(* The cycle $C_3\cong K_3$ is not a strict prime $k$th-power distance graph for any integer $k\ge 2$.
   Context: A graph $G$ is a strict prime $k$th-power distance graph if there is an injective map $L:V(G)\to\mathbb{Z}$ such that for every edge $uv$ of $G$, $|L(u)-L(v)|=p^k$ for some prime $p$ (the prime may depend on the edge). *)

theory Defs
  imports "HOL-Computational_Algebra.Primes"
begin

text \<open>A graph is given by a vertex set V and a symmetric irreflexive edge relation E
  on V.\<close>

definition strict_prime_power_distance_graph ::
  "nat \<Rightarrow> 'a set \<Rightarrow> ('a \<Rightarrow> 'a \<Rightarrow> bool) \<Rightarrow> bool" where
  "strict_prime_power_distance_graph k V E \<longleftrightarrow>
     (\<exists>L :: 'a \<Rightarrow> int. inj_on L V \<and>
        (\<forall>u\<in>V. \<forall>v\<in>V. E u v \<longrightarrow> (\<exists>p::nat. prime p \<and> \<bar>L u - L v\<bar> = int p ^ k)))"

definition K3_vertices :: "nat set" where
  "K3_vertices = {0, 1, 2}"

definition K3_edge :: "nat \<Rightarrow> nat \<Rightarrow> bool" where
  "K3_edge u v \<longleftrightarrow> u \<in> K3_vertices \<and> v \<in> K3_vertices \<and> u \<noteq> v"

end

theory Submission
  imports Defs
begin

text \<open>Labels of a triangle on the integer line have one label between the other two, so one
  edge length is the sum of the other two, giving \<open>p\<^sup>k + q\<^sup>k = r\<^sup>k\<close> for primes \<open>p, q, r\<close>.
  By parity one of \<open>p, q\<close> is 2 and \<open>r\<close> is odd; then \<open>r \<ge> q + 2\<close>, and
  \<open>(q + 2)\<^sup>k > q\<^sup>k + 2\<^sup>k\<close> for \<open>k \<ge> 2\<close>.\<close>

lemma power_add_less_power_add:
  fixes a b :: nat
  assumes "a > 0" "b > 0" "k \<ge> 2"
  shows "a ^ k + b ^ k < (a + b) ^ k"
  using assms(3)
proof (induction k rule: dec_induct)
  case base
  then show ?case using assms by (simp add: power2_eq_square algebra_simps)
next
  case (step n)
  have "a ^ Suc n + b ^ Suc n \<le> (a + b) * (a ^ n + b ^ n)"
    by (simp add: algebra_simps)
  also have "\<dots> < (a + b) * (a + b) ^ n"
    using step assms by simp
  finally show ?case by simp
qed

lemma prime_even_eq_2: "prime (p :: nat) \<Longrightarrow> even p \<Longrightarrow> p = 2"
  using prime_odd_nat[of p] prime_ge_2_nat[of p] by linarith

lemma two_power_add_odd_power_neq:
  fixes q r :: nat
  assumes "odd q" "odd r" "k \<ge> 2"
  shows "2 ^ k + q ^ k \<noteq> r ^ k"
proof
  assume sum: "2 ^ k + q ^ k = r ^ k"
  then have "q ^ k < r ^ k" by (metis less_add_same_cancel2 zero_less_numeral zero_less_power)
  then have "q < r" using power_less_imp_less_base by blast
  with assms(1,2) have "q + 2 \<le> r" by presburger
  then have "(q + 2) ^ k \<le> r ^ k" by (simp add: power_mono)
  moreover have "q ^ k + 2 ^ k < (q + 2) ^ k"
    using power_add_less_power_add[of q 2 k] assms by (simp add: odd_pos)
  ultimately show False using sum by linarith
qed

lemma prime_power_add_neq:
  fixes p q r :: nat
  assumes "prime p" "prime q" "prime r" "k \<ge> 2"
  shows "p ^ k + q ^ k \<noteq> r ^ k"
proof
  assume sum: "p ^ k + q ^ k = r ^ k"
  have k: "k > 0" using assms(4) by simp
  have "p ^ k \<ge> 2 ^ k" "q ^ k \<ge> 2 ^ k"
    using assms(1,2) by (simp_all add: power_mono prime_ge_2_nat)
  then have "r ^ k \<ge> 2 ^ k + 2 ^ k" using sum by linarith
  then have "r ^ k > 2 ^ k" using zero_less_power[of "2::nat" k] by linarith
  then have "r \<noteq> 2" by auto
  then have "odd r" using prime_even_eq_2 assms(3) by blast
  then have "odd (p ^ k + q ^ k)" using sum k by simp
  then have "odd p \<noteq> odd q" using k by auto
  then consider "p = 2" "odd q" | "q = 2" "odd p"
    using prime_even_eq_2 assms(1,2) by blast
  then show False
    using two_power_add_odd_power_neq[OF _ \<open>odd r\<close> assms(4)] sum
    by cases (simp_all add: add.commute)
qed

lemma int_prime_power_add_neq:
  fixes p q r :: nat
  assumes "prime p" "prime q" "prime r" "k \<ge> 2"
  shows "int p ^ k + int q ^ k \<noteq> int r ^ k"
  using prime_power_add_neq[OF assms] by (metis of_nat_add of_nat_eq_iff of_nat_power)

lemma abs_diff_betweenness:
  fixes a b c :: int
  obtains "\<bar>a - c\<bar> = \<bar>a - b\<bar> + \<bar>b - c\<bar>"
        | "\<bar>a - b\<bar> = \<bar>a - c\<bar> + \<bar>b - c\<bar>"
        | "\<bar>b - c\<bar> = \<bar>a - b\<bar> + \<bar>a - c\<bar>"
  by linarith

theorem mainTheorem11:
  fixes k :: nat
  assumes "k \<ge> 2"
  shows "\<not> strict_prime_power_distance_graph k K3_vertices K3_edge"
proof
  assume "strict_prime_power_distance_graph k K3_vertices K3_edge"
  then obtain L :: "nat \<Rightarrow> int" where
    edge: "\<And>u v. K3_edge u v \<Longrightarrow> \<exists>p. prime p \<and> \<bar>L u - L v\<bar> = int p ^ k"
    unfolding strict_prime_power_distance_graph_def K3_edge_def by blast
  have "K3_edge 0 1" "K3_edge 1 2" "K3_edge 0 2"
    by (simp_all add: K3_edge_def K3_vertices_def)
  then obtain p q r where
    p: "prime p" "\<bar>L 0 - L 1\<bar> = int p ^ k" and
    q: "prime q" "\<bar>L 1 - L 2\<bar> = int q ^ k" and
    r: "prime r" "\<bar>L 0 - L 2\<bar> = int r ^ k"
    by (meson edge)
  show False
  proof (cases rule: abs_diff_betweenness[where a = "L 0" and b = "L 1" and c = "L 2"])
    case 1
    then have "int p ^ k + int q ^ k = int r ^ k" using p q r by linarith
    with int_prime_power_add_neq[OF p(1) q(1) r(1) assms] show False ..
  next
    case 2
    then have "int r ^ k + int q ^ k = int p ^ k" using p q r by linarith
    with int_prime_power_add_neq[OF r(1) q(1) p(1) assms] show False ..
  next
    case 3
    then have "int p ^ k + int r ^ k = int q ^ k" using p q r by linarith
    with int_prime_power_add_neq[OF p(1) r(1) q(1) assms] show False ..
  qed
qed

end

----------------

*ACTIVITY*
Each line must be set down again exactly as above, with no line omitted.

*YOUR RESPONSE*
(* The cycle $C_3\cong K_3$ is not a strict prime $k$th-power distance graph for any integer $k\ge 2$.
   Context: A graph $G$ is a strict prime $k$th-power distance graph if there is an injective map $L:V(G)\to\mathbb{Z}$ such that for every edge $uv$ of $G$, $|L(u)-L(v)|=p^k$ for some prime $p$ (the prime may depend on the edge). *)

theory Defs
  imports "HOL-Computational_Algebra.Primes"
begin

text \<open>A graph is given by a vertex set V and a symmetric irreflexive edge relation E
  on V.\<close>

definition strict_prime_power_distance_graph ::
  "nat \<Rightarrow> 'a set \<Rightarrow> ('a \<Rightarrow> 'a \<Rightarrow> bool) \<Rightarrow> bool" where
  "strict_prime_power_distance_graph k V E \<longleftrightarrow>
     (\<exists>L :: 'a \<Rightarrow> int. inj_on L V \<and>
        (\<forall>u\<in>V. \<forall>v\<in>V. E u v \<longrightarrow> (\<exists>p::nat. prime p \<and> \<bar>L u - L v\<bar> = int p ^ k)))"

definition K3_vertices :: "nat set" where
  "K3_vertices = {0, 1, 2}"

definition K3_edge :: "nat \<Rightarrow> nat \<Rightarrow> bool" where
  "K3_edge u v \<longleftrightarrow> u \<in> K3_vertices \<and> v \<in> K3_vertices \<and> u \<noteq> v"

end

theory Submission
  imports Defs
begin

text \<open>Labels of a triangle on the integer line have one label between the other two, so one
  edge length is the sum of the other two, giving \<open>p\<^sup>k + q\<^sup>k = r\<^sup>k\<close> for primes \<open>p, q, r\<close>.
  By parity one of \<open>p, q\<close> is 2 and \<open>r\<close> is odd; then \<open>r \<ge> q + 2\<close>, and
  \<open>(q + 2)\<^sup>k > q\<^sup>k + 2\<^sup>k\<close> for \<open>k \<ge> 2\<close>.\<close>

lemma power_add_less_power_add:
  fixes a b :: nat
  assumes "a > 0" "b > 0" "k \<ge> 2"
  shows "a ^ k + b ^ k < (a + b) ^ k"
  using assms(3)
proof (induction k rule: dec_induct)
  case base
  then show ?case using assms by (simp add: power2_eq_square algebra_simps)
next
  case (step n)
  have "a ^ Suc n + b ^ Suc n \<le> (a + b) * (a ^ n + b ^ n)"
    by (simp add: algebra_simps)
  also have "\<dots> < (a + b) * (a + b) ^ n"
    using step assms by simp
  finally show ?case by simp
qed

lemma prime_even_eq_2: "prime (p :: nat) \<Longrightarrow> even p \<Longrightarrow> p = 2"
  using prime_odd_nat[of p] prime_ge_2_nat[of p] by linarith

lemma two_power_add_odd_power_neq:
  fixes q r :: nat
  assumes "odd q" "odd r" "k \<ge> 2"
  shows "2 ^ k + q ^ k \<noteq> r ^ k"
proof
  assume sum: "2 ^ k + q ^ k = r ^ k"
  then have "q ^ k < r ^ k" by (metis less_add_same_cancel2 zero_less_numeral zero_less_power)
  then have "q < r" using power_less_imp_less_base by blast
  with assms(1,2) have "q + 2 \<le> r" by presburger
  then have "(q + 2) ^ k \<le> r ^ k" by (simp add: power_mono)
  moreover have "q ^ k + 2 ^ k < (q + 2) ^ k"
    using power_add_less_power_add[of q 2 k] assms by (simp add: odd_pos)
  ultimately show False using sum by linarith
qed

lemma prime_power_add_neq:
  fixes p q r :: nat
  assumes "prime p" "prime q" "prime r" "k \<ge> 2"
  shows "p ^ k + q ^ k \<noteq> r ^ k"
proof
  assume sum: "p ^ k + q ^ k = r ^ k"
  have k: "k > 0" using assms(4) by simp
  have "p ^ k \<ge> 2 ^ k" "q ^ k \<ge> 2 ^ k"
    using assms(1,2) by (simp_all add: power_mono prime_ge_2_nat)
  then have "r ^ k \<ge> 2 ^ k + 2 ^ k" using sum by linarith
  then have "r ^ k > 2 ^ k" using zero_less_power[of "2::nat" k] by linarith
  then have "r \<noteq> 2" by auto
  then have "odd r" using prime_even_eq_2 assms(3) by blast
  then have "odd (p ^ k + q ^ k)" using sum k by simp
  then have "odd p \<noteq> odd q" using k by auto
  then consider "p = 2" "odd q" | "q = 2" "odd p"
    using prime_even_eq_2 assms(1,2) by blast
  then show False
    using two_power_add_odd_power_neq[OF _ \<open>odd r\<close> assms(4)] sum
    by cases (simp_all add: add.commute)
qed

lemma int_prime_power_add_neq:
  fixes p q r :: nat
  assumes "prime p" "prime q" "prime r" "k \<ge> 2"
  shows "int p ^ k + int q ^ k \<noteq> int r ^ k"
  using prime_power_add_neq[OF assms] by (metis of_nat_add of_nat_eq_iff of_nat_power)

lemma abs_diff_betweenness:
  fixes a b c :: int
  obtains "\<bar>a - c\<bar> = \<bar>a - b\<bar> + \<bar>b - c\<bar>"
        | "\<bar>a - b\<bar> = \<bar>a - c\<bar> + \<bar>b - c\<bar>"
        | "\<bar>b - c\<bar> = \<bar>a - b\<bar> + \<bar>a - c\<bar>"
  by linarith

theorem mainTheorem11:
  fixes k :: nat
  assumes "k \<ge> 2"
  shows "\<not> strict_prime_power_distance_graph k K3_vertices K3_edge"
proof
  assume "strict_prime_power_distance_graph k K3_vertices K3_edge"
  then obtain L :: "nat \<Rightarrow> int" where
    edge: "\<And>u v. K3_edge u v \<Longrightarrow> \<exists>p. prime p \<and> \<bar>L u - L v\<bar> = int p ^ k"
    unfolding strict_prime_power_distance_graph_def K3_edge_def by blast
  have "K3_edge 0 1" "K3_edge 1 2" "K3_edge 0 2"
    by (simp_all add: K3_edge_def K3_vertices_def)
  then obtain p q r where
    p: "prime p" "\<bar>L 0 - L 1\<bar> = int p ^ k" and
    q: "prime q" "\<bar>L 1 - L 2\<bar> = int q ^ k" and
    r: "prime r" "\<bar>L 0 - L 2\<bar> = int r ^ k"
    by (meson edge)
  show False
  proof (cases rule: abs_diff_betweenness[where a = "L 0" and b = "L 1" and c = "L 2"])
    case 1
    then have "int p ^ k + int q ^ k = int r ^ k" using p q r by linarith
    with int_prime_power_add_neq[OF p(1) q(1) r(1) assms] show False ..
  next
    case 2
    then have "int r ^ k + int q ^ k = int p ^ k" using p q r by linarith
    with int_prime_power_add_neq[OF r(1) q(1) p(1) assms] show False ..
  next
    case 3
    then have "int p ^ k + int r ^ k = int q ^ k" using p q r by linarith
    with int_prime_power_add_neq[OF p(1) r(1) q(1) assms] show False ..
  qed
qed

end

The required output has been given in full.